Look through the data below and extract, unchanged, the lines from the one that contains "unfolding Den_def by" to the one that contains "0) / (\<Sum>k\<in>UNIV.", both included.

SUPPLIED ENTRIES Block Start

lemma sbcm_jac_at_balanced:
  fixes adj :: "'n::finite \<Rightarrow> 'n \<Rightarrow> bool" and x :: "real^'n"
  assumes "i \<notin> Z"
    and balanced: "(\<Sum>k\<in>UNIV. sbcm_w adj \<gamma> \<delta> x i k * (x$k - x$i)) = 0"
    and weight: "(\<Sum>k\<in>UNIV. sbcm_w adj \<gamma> \<delta> x i k) \<noteq> 0"
  shows "sbcm_jac adj Z \<gamma> \<delta> x i j =
    ((if adj i j then omega_drift_deriv \<gamma> \<delta> (x$j - x$i) else 0)
     - (if i = j then (\<Sum>k\<in>UNIV. if adj i k then omega_drift_deriv \<gamma> \<delta> (x$k - x$i) else 0) else 0))
    / (\<Sum>k\<in>UNIV. sbcm_w adj \<gamma> \<delta> x i k)"
proof -
  define p where "p k = x$k - x$i" for k
  define q where "q k = (if k = j then 1 else 0) - (if i = j then 1 else 0 :: real)" for k
  define Num where
    "Num t = (\<Sum>k\<in>UNIV. if adj i k then omega \<gamma> \<delta> (p k + t * q k) * (p k + t * q k) else 0)" for t
  define Den where "Den t = (\<Sum>k\<in>UNIV. if adj i k then omega \<gamma> \<delta> (p k + t * q k) else 0)" for t
  have along_line: "sbcm_f adj Z \<gamma> \<delta> (x + t *\<^sub>R axis j 1) i = Num t / Den t" for t
  proof -
    have "(x + t *\<^sub>R axis j 1)$k - (x + t *\<^sub>R axis j 1)$i = p k + t * q k"
      and "(x + t *\<^sub>R axis j 1)$i - (x + t *\<^sub>R axis j 1)$k = - (p k + t * q k)" for k
      by (simp_all add: p_def q_def axis_def algebra_simps)
    then show ?thesis
      using \<open>i \<notin> Z\<close> unfolding sbcm_f_def sbcm_w_def Num_def Den_def
      by (simp add: if_distrib[of "\<lambda>w. w * _"] del: minus_add_distrib cong: if_cong)
  qed
  have dNum: "(Num has_real_derivative
      (\<Sum>k\<in>UNIV. if adj i k then omega_drift_deriv \<gamma> \<delta> (p k) * q k else 0)) (at 0)"
    using has_real_derivative_sum_affine[OF has_real_derivative_omega_drift[of \<gamma> \<delta>],
        where A = UNIV and S = "adj i" and p = p and q = q and t = 0]
    unfolding Num_def by (simp only: mult_zero_left add_0_right)
  have dDen: "(Den has_real_derivative
      (\<Sum>k\<in>UNIV. if adj i k then - 2 * \<gamma> * p k * omega \<gamma> \<delta> (p k) * (1 - omega \<gamma> \<delta> (p k)) * q k else 0)) (at 0)"
    using has_real_derivative_sum_affine[OF has_real_derivative_omega[of \<gamma> \<delta>],
        where A = UNIV and S = "adj i" and p = p and q = q and t = 0]
    unfolding Den_def by (simp only: mult_zero_left add_0_right)
  have "x$k - x$i = p k" "x$i - x$k = - p k" for k unfolding p_def by simp_all
  then have Num0: "Num 0 = 0" and Den0: "Den 0 = (\<Sum>k\<in>UNIV. sbcm_w adj \<gamma> \<delta> x i k)"
    using balanced unfolding Num_def Den_def sbcm_w_def
    by (simp_all add: if_distrib[of "\<lambda>w. w * _"] cong: if_cong)
  from DERIV_divide[OF dNum dDen] weight
  have "((\<lambda>t. Num t / Den t) has_real_derivative
      (\<Sum>k\<in>UNIV. if adj i k then omega_drift_deriv \<gamma> \<delta> (p k) * q k else 0) / (\<Sum>k\<in>UNIV. sbcm_w adj \<gamma> \<delta> x i k)) (at 0)"
    unfolding Num0 Den0 by simp
  moreover have "(\<Sum>k\<in>UNIV. if adj i k then omega_drift_deriv \<gamma> \<delta> (p k) * q k else 0) =
      (if adj i j then omega_drift_deriv \<gamma> \<delta> (x$j - x$i) else 0)
      - (if i = j then (\<Sum>k\<in>UNIV. if adj i k then omega_drift_deriv \<gamma> \<delta> (x$k - x$i) else 0) else 0)"
    unfolding q_def p_def by (rule sum_if_mult_delta_diff)
  ultimately show ?thesis
    unfolding sbcm_jac_def along_line by (simp add: DERIV_imp_deriv)
qed

lemma is_eigvec_on_shift_scale:
  fixes M N :: "'n::finite \<Rightarrow> 'n \<Rightarrow> real"
  assumes M: "\<And>i j. i \<in> P \<Longrightarrow> j \<in> P \<Longrightarrow> M i j = a * (if i = j then 1 else 0) + b * N i j"
    and "b \<noteq> 0"
  shows "is_eigvec_on P M \<mu> w \<longleftrightarrow> is_eigvec_on P N ((\<mu> - a) / b) w"
proof -
  have "(\<Sum>j\<in>P. M i j * w$j) = a * w$i + b * (\<Sum>j\<in>P. N i j * w$j)" if "i \<in> P" for i
  proof -
    have "(\<Sum>j\<in>P. M i j * w$j) = (\<Sum>j\<in>P. (if i = j then a * w$j else 0) + b * (N i j * w$j))"
      using M that by (intro sum.cong) (auto simp: algebra_simps)
    also have "\<dots> = a * w$i + b * (\<Sum>j\<in>P. N i j * w$j)"
      using that by (simp add: sum.distrib sum_distrib_left)
    finally show ?thesis .
  qed
  moreover have "a * c + b * S = \<mu> * c \<longleftrightarrow> S = (\<mu> - a) / b * c" for c S
    using \<open>b \<noteq> 0\<close> by (auto simp: field_simps)
  ultimately show ?thesis unfolding is_eigvec_on_def by auto
qed

lemma nonneg_eigvecs_shift_scale:
  fixes M N :: "'n::finite \<Rightarrow> 'n \<Rightarrow> real"
  assumes M: "\<And>i j. i \<in> P \<Longrightarrow> j \<in> P \<Longrightarrow> M i j = a * (if i = j then 1 else 0) + b * N i j"
    and "b < 0"
  shows "{w. \<exists>\<mu>\<ge>0. is_eigvec_on P M \<mu> w} = {w. \<exists>lam\<le>- a / b. is_eigvec_on P N lam w}"
proof -
  have eig: "is_eigvec_on P M \<mu> w \<longleftrightarrow> is_eigvec_on P N ((\<mu> - a) / b) w" for \<mu> w
    using is_eigvec_on_shift_scale[OF M] \<open>b < 0\<close> by simp
  have "(\<exists>\<mu>\<ge>0. is_eigvec_on P N ((\<mu> - a) / b) w) \<longleftrightarrow> (\<exists>lam\<le>- a / b. is_eigvec_on P N lam w)" for w
  proof
    assume "\<exists>\<mu>\<ge>0. is_eigvec_on P N ((\<mu> - a) / b) w"
    then obtain \<mu> where "\<mu> \<ge> 0" "is_eigvec_on P N ((\<mu> - a) / b) w" by blast
    moreover have "(\<mu> - a) / b \<le> - a / b"
      using divide_right_mono_neg[of "- a" "\<mu> - a" b] \<open>\<mu> \<ge> 0\<close> \<open>b < 0\<close> by simp
    ultimately show "\<exists>lam\<le>- a / b. is_eigvec_on P N lam w" by blast
  next
    assume "\<exists>lam\<le>- a / b. is_eigvec_on P N lam w"
    then obtain lam where "lam \<le> - a / b" "is_eigvec_on P N lam w" by blast
    moreover have "b * (- a / b) \<le> b * lam"
      using mult_left_mono_neg[of lam "- a / b" b] \<open>lam \<le> - a / b\<close> \<open>b < 0\<close> by simp
    then have "a + b * lam \<ge> 0" using \<open>b < 0\<close> by simp
    moreover have "((a + b * lam) - a) / b = lam" using \<open>b < 0\<close> by simp
    ultimately show "\<exists>\<mu>\<ge>0. is_eigvec_on P N ((\<mu> - a) / b) w" by metis
  qed
  then show ?thesis unfolding eig by blast
qed

lemma sum_neighbours_two_zealots:
  fixes adj :: "'n::finite \<Rightarrow> 'n \<Rightarrow> bool" and F :: "'n \<Rightarrow> real"
  assumes "z1 \<noteq> z2" "adj i z1" "adj i z2" "card {k \<in> - {z1, z2}. adj i k} = d"
    and "\<And>k. k \<in> - {z1, z2} \<Longrightarrow> F k = c"
  shows "(\<Sum>k\<in>UNIV. if adj i k then F k else 0) = F z1 + F z2 + real d * c"
proof -
  have "UNIV = insert z1 (insert z2 (- {z1, z2}))" by auto
  then have "(\<Sum>k\<in>UNIV. if adj i k then F k else 0) =
      (\<Sum>k\<in>insert z1 (insert z2 (- {z1, z2})). if adj i k then F k else 0)" by simp
  also have "\<dots> = F z1 + F z2 + (\<Sum>k\<in>- {z1, z2}. if adj i k then F k else 0)"
    using assms by simp
  also have "(\<Sum>k\<in>- {z1, z2}. if adj i k then F k else 0) = (\<Sum>k\<in>- {z1, z2}. if adj i k then c else 0)"
    using assms(5) by (intro sum.cong) auto
  also have "(\<Sum>k\<in>- {z1, z2}. if adj i k then c else 0) = real d * c"
    using assms(4) by (simp add: sum.inter_filter[symmetric])
  finally show ?thesis .
qed

lemma laplacian_on_regular:
  assumes "simple_graph adj" and "\<forall>i\<in>P. card {k\<in>P. adj i k} = d" and "i \<in> P"
  shows "laplacian_on adj P i j = real d * (if i = j then 1 else 0) - (if adj i j then 1 else 0)"
  using assms unfolding simple_graph_def laplacian_on_def by auto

SUPPLIED ENTRIES Block End

- SOLUTION TO THIS TASK
    unfolding Den_def by (simp only: mult_zero_left add_0_right)
  have "x$k - x$i = p k" "x$i - x$k = - p k" for k unfolding p_def by simp_all
  then have Num0: "Num 0 = 0" and Den0: "Den 0 = (\<Sum>k\<in>UNIV. sbcm_w adj \<gamma> \<delta> x i k)"
    using balanced unfolding Num_def Den_def sbcm_w_def
    by (simp_all add: if_distrib[of "\<lambda>w. w * _"] cong: if_cong)
  from DERIV_divide[OF dNum dDen] weight
  have "((\<lambda>t. Num t / Den t) has_real_derivative
      (\<Sum>k\<in>UNIV. if adj i k then omega_drift_deriv \<gamma> \<delta> (p k) * q k else 0) / (\<Sum>k\<in>UNIV. sbcm_w adj \<gamma> \<delta> x i k)) (at 0)"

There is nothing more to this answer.